(Saved data entries)

(* Let $S$ be a finite set of $N$ elements and let $n$ be a power of $2$. Consider the knockout tournament among $n$ elements on $S$ described in the context. Then the winner of the tournament is small with probability at least $1-2^{-(n+1)}$.
   Context: Elements of $S$ are totally ordered but accessible only through comparisons; each comparison of two distinct elements reports the wrong relation with probability at most $p$, for a fixed constant $p\in[0,\tfrac12)$, independently of all other comparisons (copies of the same element are treated as distinct with a consistent tie-breaking order). An element is small if its rank in $S$ is at most $\frac34 N$. Let $c_p$ be a positive integer such that, for every $t\ge0$ with $2c_pt$ integer, the majority of $2c_pt+1$ independent comparisons of two distinct elements is correct with probability at least $1-e^{-t}$ (such a constant exists, e.g. $c_p=\lceil 4(1-p)/(1-2p)^2\rceil$). The tournament among $n$ elements: first form $S_n$ by sampling $n$ elements from $S$ uniformly at random with replacement. For $i=1,\dots,\log_2 n$, the elements of $S_{n/2^{i-1}}$ are split (without replacement) into $n/2^i$ pairs, and each pair $x,y$ plays a match consisting of $2c_p\lceil 2^i\rceil+5$ comparisons between $x$ and $y$; the winner of the match is the element reported smaller by the majority of these comparisons, and the winners form $S_{n/2^i}$. The unique element of $S_1$ is the winner of the tournament. *)

theory Defs
  imports "HOL-Probability.Probability"
begin

(* Copies of elements: (value, sample slot). True order: by value, ties broken
   consistently by slot index. *)
definition copy_less :: "('a::linorder \<times> nat) \<Rightarrow> ('a \<times> nat) \<Rightarrow> bool" where
  "copy_less x y \<longleftrightarrow> fst x < fst y \<or> (fst x = fst y \<and> snd x < snd y)"

(* Rank of x in S (number of elements of S strictly below x, i.e. 0-based) *)
definition rank :: "'a::linorder set \<Rightarrow> 'a \<Rightarrow> nat" where
  "rank S x = card {y \<in> S. y < x}"

definition small :: "'a::linorder set \<Rightarrow> 'a \<Rightarrow> bool" where
  "small S x \<longleftrightarrow> real (rank S x) \<le> 3/4 * real (card S)"

(* number of wrong answers among m independent comparisons,
   the k-th one being wrong with probability e k *)
primrec errs_pmf :: "(nat \<Rightarrow> real) \<Rightarrow> nat \<Rightarrow> nat pmf" where
  "errs_pmf e 0 = return_pmf 0"
| "errs_pmf e (Suc m) =
     do { b \<leftarrow> bernoulli_pmf (e m); c \<leftarrow> errs_pmf e m;
          return_pmf (c + (if b then 1 else 0)) }"

(* a match of m comparisons between x and y; result True iff x wins,
   i.e. x is reported smaller by the majority *)
definition match_pmf :: "(nat \<Rightarrow> real) \<Rightarrow> nat \<Rightarrow> ('a::linorder \<times> nat) \<Rightarrow> ('a \<times> nat) \<Rightarrow> bool pmf" where
  "match_pmf e m x y =
     map_pmf (\<lambda>w. if copy_less x y then 2 * w < m else 2 * w > m) (errs_pmf e m)"

(* round i: adjacent elements are paired; err i x y k is the error probability
   of the k-th comparison of the match between x and y in round i *)
fun play_round :: "nat \<Rightarrow> (nat \<Rightarrow> ('a::linorder \<times> nat) \<Rightarrow> ('a \<times> nat) \<Rightarrow> nat \<Rightarrow> real)
                    \<Rightarrow> nat \<Rightarrow> ('a \<times> nat) list \<Rightarrow> ('a \<times> nat) list pmf" where
  "play_round c err i (x # y # rest) =
     do { w \<leftarrow> match_pmf (err i x y) (2 * c * 2 ^ i + 5) x y;
          ws \<leftarrow> play_round c err i rest;
          return_pmf ((if w then x else y) # ws) }"
| "play_round c err i xs = return_pmf []"

primrec play_rounds :: "nat \<Rightarrow> (nat \<Rightarrow> ('a::linorder \<times> nat) \<Rightarrow> ('a \<times> nat) \<Rightarrow> nat \<Rightarrow> real)
                    \<Rightarrow> nat \<Rightarrow> nat \<Rightarrow> ('a \<times> nat) list \<Rightarrow> ('a \<times> nat) list pmf" where
  "play_rounds c err i 0 xs = return_pmf xs"
| "play_rounds c err i (Suc r) xs = play_round c err i xs \<bind> play_rounds c err (Suc i) r"

primrec sample_pmf :: "'a set \<Rightarrow> nat \<Rightarrow> 'a list pmf" where
  "sample_pmf S 0 = return_pmf []"
| "sample_pmf S (Suc m) =
     do { x \<leftarrow> pmf_of_set S; xs \<leftarrow> sample_pmf S m; return_pmf (x # xs) }"

definition tournament :: "'a::linorder set \<Rightarrow> nat \<Rightarrow> (nat \<Rightarrow> ('a \<times> nat) \<Rightarrow> ('a \<times> nat) \<Rightarrow> nat \<Rightarrow> real)
                          \<Rightarrow> nat \<Rightarrow> 'a pmf" where
  "tournament S c err k =
     do { xs \<leftarrow> sample_pmf S (2 ^ k);
          ws \<leftarrow> play_rounds c err 1 k (zip xs [0..<2 ^ k]);
          return_pmf (fst (hd ws)) }"

end

theory Submission
  imports Defs
begin

(* Call a copy large if its value is not small, and let Q r = 2^-(2^r+1). By induction on r,
   the winner of rounds 1, ..., r among 2^r fresh samples is large with probability at most
   Q r. For r = 0 this holds because at most a quarter of S is large. A block of 2^(r+1)
   slots is won by the winner of a round-(r+1) match between the winners of its two halves,
   which are independent. That winner can be large only if both finalists are large, or if
   exactly one is and the match of 2c 2^(r+1) + 5 comparisons errs, which has probability at
   most eps = exp (-2^(r+1)). Hence the failure probability is at most
   (1 - 2 eps) Q r ^ 2 + 2 eps Q r <= 2 Q r ^ 2 = Q (r + 1). *)

lemma prob_bind_pmf:
  "measure_pmf.prob (bind_pmf M f) A = (\<integral>x. measure_pmf.prob (f x) A \<partial>M)"
proof -
  have "ennreal (measure_pmf.prob (bind_pmf M f) A) = emeasure (bind_pmf M f) A"
    by (simp add: measure_pmf.emeasure_eq_measure)
  also have "\<dots> = (\<integral>\<^sup>+x. emeasure (f x) A \<partial>M)"
    by simp
  also have "\<dots> = (\<integral>\<^sup>+x. ennreal (measure_pmf.prob (f x) A) \<partial>M)"
    by (simp add: measure_pmf.emeasure_eq_measure)
  also have "\<dots> = ennreal (\<integral>x. measure_pmf.prob (f x) A \<partial>M)"
    by (intro nn_integral_eq_integral measure_pmf.integrable_const_bound[where B=1]) auto
  finally show ?thesis
    by (simp add: integral_nonneg_AE)
qed

lemma prob_bind_pmf_le_if:
  assumes "\<And>x. measure_pmf.prob (f x) A \<le> (if x \<in> B then a else b)"
  shows "measure_pmf.prob (bind_pmf M f) A
    \<le> a * measure_pmf.prob M B + b * (1 - measure_pmf.prob M B)"
proof -
  have "measure_pmf.prob (bind_pmf M f) A \<le> (\<integral>x. b + (a - b) * indicator B x \<partial>M)"
    unfolding prob_bind_pmf
  proof (rule integral_mono)
    show "integrable M (\<lambda>x. measure_pmf.prob (f x) A)"
      by (rule measure_pmf.integrable_const_bound[where B=1]) auto
    show "integrable M (\<lambda>x. b + (a - b) * indicator B x)"
      by (rule measure_pmf.integrable_const_bound[where B="\<bar>b\<bar> + \<bar>a - b\<bar>"])
         (auto simp: indicator_def)
    fix x
    show "measure_pmf.prob (f x) A \<le> b + (a - b) * indicator B x"
      using assms[of x] by (auto simp: indicator_def)
  qed
  also have "\<dots> = b + (a - b) * measure_pmf.prob M B"
  proof -
    have "integrable M (indicator B :: _ \<Rightarrow> real)"
      by (rule measure_pmf.integrable_const_bound[where B=1]) (auto simp: indicator_def)
    then show ?thesis by (subst Bochner_Integration.integral_add) auto
  qed
  also have "\<dots> = a * measure_pmf.prob M B + b * (1 - measure_pmf.prob M B)"
    by (simp add: algebra_simps)
  finally show ?thesis .
qed

lemma prob_bind_pmf_duel_le:
  fixes U V :: "'b pmf" and f :: "'b \<Rightarrow> 'b \<Rightarrow> 'b pmf"
  assumes U: "measure_pmf.prob U B \<le> Q" and V: "measure_pmf.prob V B \<le> Q"
    and \<epsilon>: "0 \<le> \<epsilon>" "\<epsilon> \<le> 1/2"
    and f: "\<And>u v. measure_pmf.prob (f u v) B \<le>
              (if u \<in> B \<and> v \<in> B then 1 else if u \<in> B \<or> v \<in> B then \<epsilon> else 0)"
  shows "measure_pmf.prob (bind_pmf U (\<lambda>u. bind_pmf V (f u))) B
    \<le> (1 - 2 * \<epsilon>) * Q\<^sup>2 + 2 * \<epsilon> * Q"
proof -
  define q q' where "q = measure_pmf.prob U B" and "q' = measure_pmf.prob V B"
  have "measure_pmf.prob (bind_pmf V (f u)) B
      \<le> (if u \<in> B then q' + \<epsilon> * (1 - q') else \<epsilon> * q')" for u
  proof -
    have "measure_pmf.prob (bind_pmf V (f u)) B
        \<le> (if u \<in> B then 1 else \<epsilon>) * q' + (if u \<in> B then \<epsilon> else 0) * (1 - q')"
      unfolding q'_def
    proof (rule prob_bind_pmf_le_if)
      fix v
      show "measure_pmf.prob (f u v) B
          \<le> (if v \<in> B then if u \<in> B then 1 else \<epsilon> else if u \<in> B then \<epsilon> else 0)"
        using f[of u v] by auto
    qed
    then show ?thesis by (cases "u \<in> B") simp_all
  qed
  then have "measure_pmf.prob (bind_pmf U (\<lambda>u. bind_pmf V (f u))) B
      \<le> (q' + \<epsilon> * (1 - q')) * q + \<epsilon> * q' * (1 - q)"
    unfolding q_def by (rule prob_bind_pmf_le_if)
  also have "\<dots> = (1 - 2 * \<epsilon>) * (q * q') + \<epsilon> * (q + q')"
    by (simp add: algebra_simps)
  also have "\<dots> \<le> (1 - 2 * \<epsilon>) * (Q * Q) + \<epsilon> * (Q + Q)"
    using U V \<epsilon> measure_nonneg[of U B] measure_nonneg[of V B] order_trans[OF measure_nonneg U]
    unfolding q_def q'_def
    by (intro add_mono mult_left_mono mult_mono) auto
  finally show ?thesis
    by (simp add: power2_eq_square algebra_simps)
qed

lemma exp_2_ge_6: "6 \<le> exp (2::real)"
proof -
  have "5/2 \<le> exp (1::real)"
    using exp_lower_Taylor_quadratic[of 1] by simp
  then have "5/2 * (5/2) \<le> exp (1::real) * exp 1"
    by (intro mult_mono) auto
  then show ?thesis
    by (simp flip: exp_add)
qed

lemma doubling_step_le:
  fixes x :: nat and \<epsilon> :: real
  assumes "1 \<le> x" and "0 \<le> \<epsilon>" and "\<epsilon> \<le> exp (- (2 * x))"
  defines "Q \<equiv> 1 / 2 ^ (x + 1)"
  shows "(1 - 2 * \<epsilon>) * Q\<^sup>2 + 2 * \<epsilon> * Q \<le> 1 / 2 ^ (2 * x + 1)"
proof -
  have Q: "0 < Q" "Q \<le> 1/4"
    using power_increasing[of 2 "x + 1" "2::real"] assms(1) by (auto simp: Q_def)
  have "\<epsilon> \<le> 1 / exp 2 ^ x"
    using assms(3)
    by (simp add: exp_minus exp_of_nat_mult[symmetric] mult.commute inverse_eq_divide)
  also have "\<dots> \<le> 1 / 6 ^ x"
    using exp_2_ge_6 by (intro divide_left_mono power_mono) auto
  finally have \<epsilon>_le: "\<epsilon> \<le> 1 / 6 ^ x" .
  have "4 * (1 - Q) \<le> 3 ^ x"
  proof (cases "x = 1")
    case True
    then show ?thesis by (simp add: Q_def)
  next
    case False
    then have "(3::real) ^ 2 \<le> 3 ^ x"
      using assms(1) by (intro power_increasing) auto
    then show ?thesis using Q by simp
  qed
  then have "2 * \<epsilon> * (1 - Q) \<le> 2 * (1 / 6 ^ x) * (1 - Q)"
    using \<epsilon>_le Q by (intro mult_right_mono) auto
  also have "\<dots> = 4 * (1 - Q) / (2 * 6 ^ x)"
    by (simp add: field_simps)
  also have "\<dots> \<le> 3 ^ x / (2 * 6 ^ x)"
    using \<open>4 * (1 - Q) \<le> 3 ^ x\<close> by (intro divide_right_mono) auto
  also have "\<dots> = Q"
    using power_mult_distrib[of "3::real" 2 x] by (simp add: Q_def)
  finally have "2 * \<epsilon> * (1 - Q) \<le> Q" .
  have "(1 - 2 * \<epsilon>) * Q\<^sup>2 + 2 * \<epsilon> * Q = Q * Q + Q * (2 * \<epsilon> * (1 - Q))"
    by (simp add: power2_eq_square algebra_simps)
  also have "\<dots> \<le> Q * Q + Q * Q"
    using \<open>2 * \<epsilon> * (1 - Q) \<le> Q\<close> Q by (intro add_left_mono mult_left_mono) auto
  also have "\<dots> = 1 / 2 ^ (2 * x + 1)"
    by (simp add: Q_def power_add power_mult power2_eq_square field_simps flip: mult_2)
  finally show ?thesis .
qed

lemma length_play_round:
  "ws \<in> set_pmf (play_round c err i xs) \<Longrightarrow> length ws = length xs div 2"
  by (induction c err i xs arbitrary: ws rule: play_round.induct) auto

Assigned task:
Where the string "assms" occurs in the data, return the whole line.

Task output:
      using assms[of x] by (auto simp: indicator_def)
    using power_increasing[of 2 "x + 1" "2::real"] assms(1) by (auto simp: Q_def)
    using assms(3)
      using assms(1) by (intro power_increasing) auto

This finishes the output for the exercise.